Ее незащищенность, таким образом, существовала как бы вне ее самой, отдельно от нее. По ее внешнему виду тогда никак нельзя было сказать, что она не защищена. Правда, говорили, что у нее какие-то особые трагические глаза, что она носит ужасающе безвкусные вещи, как бы мечась между выбором и не зная, что еще навесить на себя, чтобы как-то вернуть прежнее положение дел. Тогда же она сделала себе пластическую операцию лица. Вообще внешне она все делала так, что это совпадало с принятой у всех концепцией ее внутреннего состояния покинутой жены. Однако это могло и не совпадать с ее подлинным внутренним состоянием, и тогда ни к чему оказывались бы все эти посторонние попытки судить о ней по каким-то чисто внешним деталям: скажем, неправильным тогда было бы говорить, что она оттого так стремится быть по-прежнему прекрасной, что хочет все снова вернуть. Легко могло оказаться, что она была не так уж занята всем этим и не считала, что ее внешний вид может что-либо изменить. Возможно, она прибегала к косметике по каким-то другим, неизвестным причинам.

Как бы то ни было, она прибегала к косметике и жила так, словно все действительно совпадало с общепринятым мнением о том, что творится в ее душе, - и так все продолжалось до самой смерти ее мужа, которая наступила неожиданно, в результате удара.

Тогда она единственный раз поступила так, как если бы она осталась действительно и бесспорно беззащитной: она кинулась просить, чтобы ее не выселяли из их обширной казенной квартиры. Труп ее мужа еще не остыл, когда она кинулась доказывать свои права на эту квартиру, хотя ни у кого еще в тот момент не возникло и мысли о том, что эта квартира слишком велика для вдовы. Само упоминание об этом было бы кощунственным в то время, но она кинулась напоминать об этом всем и вся, и своей одержимостью и бешеным упорством оттолкнула от себя многих людей, не знавших ее; она произвела также неблагоприятное впечатление на друзей своего мужа. Таким образом, она показала себя во всей красе и осталась теперь уже совершенно одна, лишенная той, безусловно, полагавшейся ей поддержки, какой обычно пользуются все оставшиеся в одиночестве после смерти мужа женщины.

Однако ее это, как оказалось, мало беспокоило, она в конце концов, после долгих доказательств, сумела оставить за собой казенную квартиру, и вот тут и началось ее последующее существование, когда она постепенно стала выявляться, четко обрисовываться перед посторонними со всеми своими вкусами и привычками, со своими вечными черными шелковыми платьями и нелепым торчанием в очередях, тем более нелепым еще и оттого, что она выделялась своим ростом среди массы домашних хозяек, наполнявших по утрам магазины. Она торчала нелепая и прямая, тесно сдавленная и окруженная очередью, сохраняя в этом странном положении свой заносчиво-печальный вид.

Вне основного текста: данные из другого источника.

text \<open>Iterating \<open>N = 1 + t S N\<close> (\<open>N\<close> the resolvent at \<open>t\<close>) \<open>j\<close> times and dropping nonnegative terms.\<close>

lemma pow_entry_resolvent_le:
  assumes t: "0 < t" "t \<le> \<gamma>" and ab: "a < n" "b < n"
  shows "t ^ j * (\<Sum>l<n. pow_entry n s j a l * resolvent n s t $$ (l, b)) \<le> resolvent n s t $$ (a, b)"
  using ab(1)
proof (induction j arbitrary: a)
  case 0
  have "(\<Sum>l<n. pow_entry n s 0 a l * resolvent n s t $$ (l, b)) = (\<Sum>l<n. if a = l then resolvent n s t $$ (l, b) else 0)"
    by (intro sum.cong) auto
  then show ?case using 0 by simp
next
  case (Suc j)
  let ?N = "resolvent n s t"
  have det: "pencil_det n s t \<noteq> 0" using pencil_det_nonzero t by auto
  have "t ^ Suc j * (\<Sum>l<n. pow_entry n s (Suc j) a l * ?N $$ (l, b))
      = t ^ j * (\<Sum>m<n. pow_entry n s j a m * (t * (\<Sum>l<n. s m l * ?N $$ (l, b))))"
  proof -
    have "(\<Sum>l<n. (\<Sum>m<n. pow_entry n s j a m * s m l) * ?N $$ (l, b))
        = (\<Sum>m<n. pow_entry n s j a m * (\<Sum>l<n. s m l * ?N $$ (l, b)))"
      by (simp add: sum_distrib_left sum_distrib_right mult.assoc) (rule sum.swap)
    then show ?thesis by (simp add: sum_distrib_left mult_ac)
  qed
  also have "\<dots> \<le> t ^ j * (\<Sum>m<n. pow_entry n s j a m * ?N $$ (m, b))"
  proof (rule mult_left_mono[OF sum_mono])
    fix m assume m: "m \<in> {..<n}"
    have "t * (\<Sum>l<n. s m l * ?N $$ (l, b)) \<le> ?N $$ (m, b)"
      using resolvent_eq[OF det, of m b] m ab by auto
    then show "pow_entry n s j a m * (t * (\<Sum>l<n. s m l * ?N $$ (l, b))) \<le> pow_entry n s j a m * ?N $$ (m, b)"
      using pow_entry_nonneg[OF kernel_nonneg] m Suc.prems by (intro mult_left_mono) auto
  qed (use t in auto)
  also have "\<dots> \<le> ?N $$ (a, b)" using Suc by blast
  finally show ?case .
qed

lemma pow_entry_le_resolvent:
  assumes t: "0 < t" "t \<le> \<gamma>" and ab: "a < n" "b < n"
  shows "t ^ j * pow_entry n s j a b \<le> resolvent n s t $$ (a, b)"
proof -
  let ?N = "resolvent n s t"
  have det: "pencil_det n s t \<noteq> 0" using pencil_det_nonzero t by auto
  have diag_le: "(if l = b then 1 else 0) \<le> ?N $$ (l, b)" if "l < n" for l
    using resolvent_eq[OF det that ab(2)] that ab t resolvent_entry_nonneg kernel_nonneg
    by (auto intro!: mult_nonneg_nonneg sum_nonneg)
  have "pow_entry n s j a b = (\<Sum>l<n. pow_entry n s j a l * (if l = b then 1 else 0))"
    using ab by (simp add: if_distrib[of "\<lambda>x. _ * x"] cong: if_cong)
  also have "\<dots> \<le> (\<Sum>l<n. pow_entry n s j a l * ?N $$ (l, b))"
    using diag_le ab pow_entry_nonneg[OF kernel_nonneg] by (intro sum_mono mult_left_mono) auto
  finally have "t ^ j * pow_entry n s j a b \<le> t ^ j * (\<Sum>l<n. pow_entry n s j a l * ?N $$ (l, b))"
    using t by (intro mult_left_mono) auto
  also have "\<dots> \<le> ?N $$ (a, b)" using pow_entry_resolvent_le[OF t ab] .
  finally show ?thesis .
qed

lemma pow_trace_le: "(\<gamma>/2) ^ j * pow_trace n s (Suc j) \<le> (2/\<gamma>) * (- ln c)"
proof -
  have "(\<gamma>/2) ^ j * pow_trace n s (Suc j) = (\<Sum>a<n. \<Sum>l<n. ((\<gamma>/2) ^ j * pow_entry n s j a l) * s l a)"
    by (simp add: pow_trace_def sum_distrib_left mult_ac)
  also have "\<dots> \<le> (\<Sum>a<n. \<Sum>l<n. resolvent n s (\<gamma>/2) $$ (a, l) * s l a)"
    using pow_entry_le_resolvent \<gamma>_pos kernel_nonneg by (intro sum_mono mult_right_mono) auto
  also have "\<dots> \<le> (2/\<gamma>) * (- ln c)"
    using trace_resolvent_kernel_half_le by (simp add: trace_resolvent_kernel)
  finally show ?thesis .
qed

end

section \<open>Sums of principal permanents\<close>

definition perm_pairs :: "nat \<Rightarrow> nat \<Rightarrow> (nat set \<times> (nat \<Rightarrow> nat)) set" where
  "perm_pairs n k = (SIGMA I:{I. I \<subseteq> {..<n} \<and> card I = k}. {p. p permutes I})"

definition perm_weight :: "(nat \<Rightarrow> nat \<Rightarrow> real) \<Rightarrow> nat set \<Rightarrow> (nat \<Rightarrow> nat) \<Rightarrow> real" where
  "perm_weight s I p = (\<Prod>i\<in>I. s i (p i))"

definition principal_permanent_sum :: "nat \<Rightarrow> (nat \<Rightarrow> nat \<Rightarrow> real) \<Rightarrow> nat \<Rightarrow> real" where
  "principal_permanent_sum n s k = (\<Sum>(I, p)\<in>perm_pairs n k. perm_weight s I p)"

definition cycle_weight :: "(nat \<Rightarrow> nat \<Rightarrow> real) \<Rightarrow> nat \<Rightarrow> (nat \<Rightarrow> nat) \<Rightarrow> real" where
  "cycle_weight s l c = (\<Prod>a<l. s (c a) (c (Suc a mod l)))"

lemma finite_perm_pairs: "finite (perm_pairs n k)"
  unfolding perm_pairs_def
  by (rule finite_SigmaI) (auto intro: finite_subset[of _ "Pow {..<n}"] finite_permutations finite_subset[of _ "{..<n}"])

lemma perm_pairs_zero: "perm_pairs n 0 = {({}, id)}"
proof
  show "perm_pairs n 0 \<subseteq> {({}, id)}"
  proof clarify
    fix I p assume "(I, p) \<in> perm_pairs n 0"
    then have "I \<subseteq> {..<n}" "card I = 0" "p permutes I" by (auto simp: perm_pairs_def)
    then show "I = {} \<and> p = id" using finite_subset[of I "{..<n}"] by (auto simp: permutes_empty)
  qed
qed (auto simp: perm_pairs_def permutes_id)

lemma perm_weight_nonneg:
  "(\<And>i j. i < n \<Longrightarrow> j < n \<Longrightarrow> 0 \<le> s i j) \<Longrightarrow> (I, p) \<in> perm_pairs n k \<Longrightarrow> 0 \<le> perm_weight s I p"
  unfolding perm_weight_def perm_pairs_def by (auto intro!: prod_nonneg dest: permutes_in_image)

lemma principal_permanent_sum_nonneg:
  "(\<And>i j. i < n \<Longrightarrow> j < n \<Longrightarrow> 0 \<le> s i j) \<Longrightarrow> 0 \<le> principal_permanent_sum n s k"
  unfolding principal_permanent_sum_def by (intro sum_nonneg) (auto intro: perm_weight_nonneg)

lemma principal_permanent_sum_zero: "principal_permanent_sum n s 0 = 1"
  by (simp add: principal_permanent_sum_def perm_pairs_zero perm_weight_def)

lemma cycle_weight_nonneg:
  assumes s: "\<And>i j. i < n \<Longrightarrow> j < n \<Longrightarrow> 0 \<le> s i j" and l: "0 < l" and c: "c \<in> {..<l} \<rightarrow>\<^sub>E {..<n}"
  shows "0 \<le> cycle_weight s l c"
  unfolding cycle_weight_def
proof (intro prod_nonneg ballI s)
  fix a assume "a \<in> {..<l}"
  moreover have "Suc a mod l < l" using l by simp
  ultimately show "c a < n" "c (Suc a mod l) < n" using c by (auto simp: PiE_def Pi_def)
qed

lemma sum_walks_eq_pow_entry:
  assumes "0 < l" "i < n"
  shows "(\<Sum>c\<in>{c\<in>{..<l} \<rightarrow>\<^sub>E {..<n}. c 0 = i}. \<Prod>a<l. s (c a) (if Suc a < l then c (Suc a) else j))
         = pow_entry n s l i j"
  using assms
proof (induction l arbitrary: j)
  case 0
  then show ?case by simp
next
  case (Suc l)
  define A where "A l' = {c\<in>{..<l'} \<rightarrow>\<^sub>E {..<n}. c 0 = i}" for l' :: nat
  show ?case
  proof (cases "l = 0")
    case True
    have "A (Suc 0) = {restrict (\<lambda>_. i) {..<Suc 0}}"
      using Suc.prems by (auto simp: A_def PiE_def extensional_def fun_eq_iff)
    then show ?thesis using True Suc.prems by (simp add: A_def if_distrib[of "\<lambda>x. x * _"] cong: if_cong)
  next
    case False
    define P where "P c m = (\<Prod>a<l. s (c a) (if Suc a < l then c (Suc a) else m))" for c m
    have "(\<Sum>(c, m)\<in>A l \<times> {..<n}. P c m * s m j)
        = (\<Sum>c\<in>A (Suc l). \<Prod>a<Suc l. s (c a) (if Suc a < Suc l then c (Suc a) else j))"
    proof (rule sum.reindex_bij_witness[of _ "\<lambda>c. (restrict c {..<l}, c l)" "\<lambda>(c, m). c(l := m)"])
      fix cm assume cm: "cm \<in> A l \<times> {..<n}"
      then obtain c m where [simp]: "cm = (c, m)" and c: "c \<in> {..<l} \<rightarrow>\<^sub>E {..<n}" "c 0 = i" "m < n"
        by (auto simp: A_def)
      show "(case cm of (c, m) \<Rightarrow> c(l := m)) \<in> A (Suc l)"
        using c False by (auto simp: A_def PiE_def extensional_def Pi_def)
      show "(restrict (case cm of (c, m) \<Rightarrow> c(l := m)) {..<l}, (case cm of (c, m) \<Rightarrow> c(l := m)) l) = cm"
        using c by (auto simp: PiE_def extensional_def fun_eq_iff)
      have "(\<Prod>a<l. s ((c(l := m)) a) (if Suc a < Suc l then (c(l := m)) (Suc a) else j)) = P c m"
        unfolding P_def by (intro prod.cong) auto
      then show "(\<Prod>a<Suc l. s ((case cm of (c, m) \<Rightarrow> c(l := m)) a)
              (if Suc a < Suc l then (case cm of (c, m) \<Rightarrow> c(l := m)) (Suc a) else j))
          = (case cm of (c, m) \<Rightarrow> P c m * s m j)"
        by (simp add: prod.lessThan_Suc)
    next
      fix c assume c: "c \<in> A (Suc l)"
      show "(restrict c {..<l}, c l) \<in> A l \<times> {..<n}"
        using c False by (auto simp: A_def PiE_def extensional_def Pi_def)
      show "(case (restrict c {..<l}, c l) of (c, m) \<Rightarrow> c(l := m)) = c"
        using c by (auto simp: A_def PiE_def extensional_def fun_eq_iff)
    qed
    then have "(\<Sum>c\<in>A (Suc l). \<Prod>a<Suc l. s (c a) (if Suc a < Suc l then c (Suc a) else j))
        = (\<Sum>(c, m)\<in>A l \<times> {..<n}. P c m * s m j)" by simp
    also have "\<dots> = (\<Sum>m<n. (\<Sum>c\<in>A l. P c m) * s m j)"
      by (simp add: sum.cartesian_product[symmetric] sum_distrib_right sum.swap[of _ "A l"])
    also have "\<dots> = pow_entry n s (Suc l) i j"
      using Suc.IH False Suc.prems by (simp add: A_def P_def)
    finally show ?thesis by (simp add: A_def)
  qed
qed

lemma sum_cycle_weight_eq_pow_trace:
  assumes "0 < l"
  shows "(\<Sum>c\<in>{..<l} \<rightarrow>\<^sub>E {..<n}. cycle_weight s l c) = pow_trace n s l"
proof -
  have "(\<Sum>c\<in>{..<l} \<rightarrow>\<^sub>E {..<n}. cycle_weight s l c)
      = (\<Sum>i<n. \<Sum>c\<in>{c\<in>{..<l} \<rightarrow>\<^sub>E {..<n}. c 0 = i}. cycle_weight s l c)"
    using assms by (intro sum.group[symmetric]) (auto simp: finite_PiE)
  also have "\<dots> = (\<Sum>i<n. pow_entry n s l i i)"
  proof (intro sum.cong refl)
    fix i assume i: "i \<in> {..<n}"
    have "cycle_weight s l c = (\<Prod>a<l. s (c a) (if Suc a < l then c (Suc a) else i))" if "c 0 = i" for c
      unfolding cycle_weight_def
    proof (intro prod.cong refl)
      fix a assume "a \<in> {..<l}"
      then have "Suc a = l \<or> Suc a < l" by auto
      then have "Suc a mod l = (if Suc a < l then Suc a else 0)" by auto
      then show "s (c a) (c (Suc a mod l)) = s (c a) (if Suc a < l then c (Suc a) else i)"
        using that by auto
    qed
    then show "(\<Sum>c\<in>{c\<in>{..<l} \<rightarrow>\<^sub>E {..<n}. c 0 = i}. cycle_weight s l c) = pow_entry n s l i i"
      using sum_walks_eq_pow_entry[OF assms, of i n s i] i by simp
  qed
  finally show ?thesis by (simp add: pow_trace_def)
qed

И вот там, в одной из очередей, над которой она меланхолически возвышалась со своим шелковым тюрбаном и кудрями, висящими из-под него совершенно неуместно в ее возрасте, - там-то он, второй герой нашего рассказа, и отыскал ее взглядом.

Надо сказать, что его взгляд был прямо-таки ненасытным, обращенным всегда на других. Выражение "пожирать глазами" как нельзя лучше подходило к нему, когда он приближался к магазину в своей пожелтевшей полотняной паре и парусиновых туфлях, одетый чрезвычайно по-летнему. Он не созерцал других, предаваясь праздному любопытству: он с яростным нетерпением озирал каждого встречного. Он не пропускал и детей, особенно детей.

Он мог остановить расшалившегося крошку, кинувшегося ему в колени в азарте игры. Однако он останавливал его не так, как снисходительные взрослые останавливают детей: нет, он яростно останавливал ребенка и начинал с ним перепалку, ведя ее сам от начала и до конца, поскольку несчастный ребенок мог и не уметь ему ответить.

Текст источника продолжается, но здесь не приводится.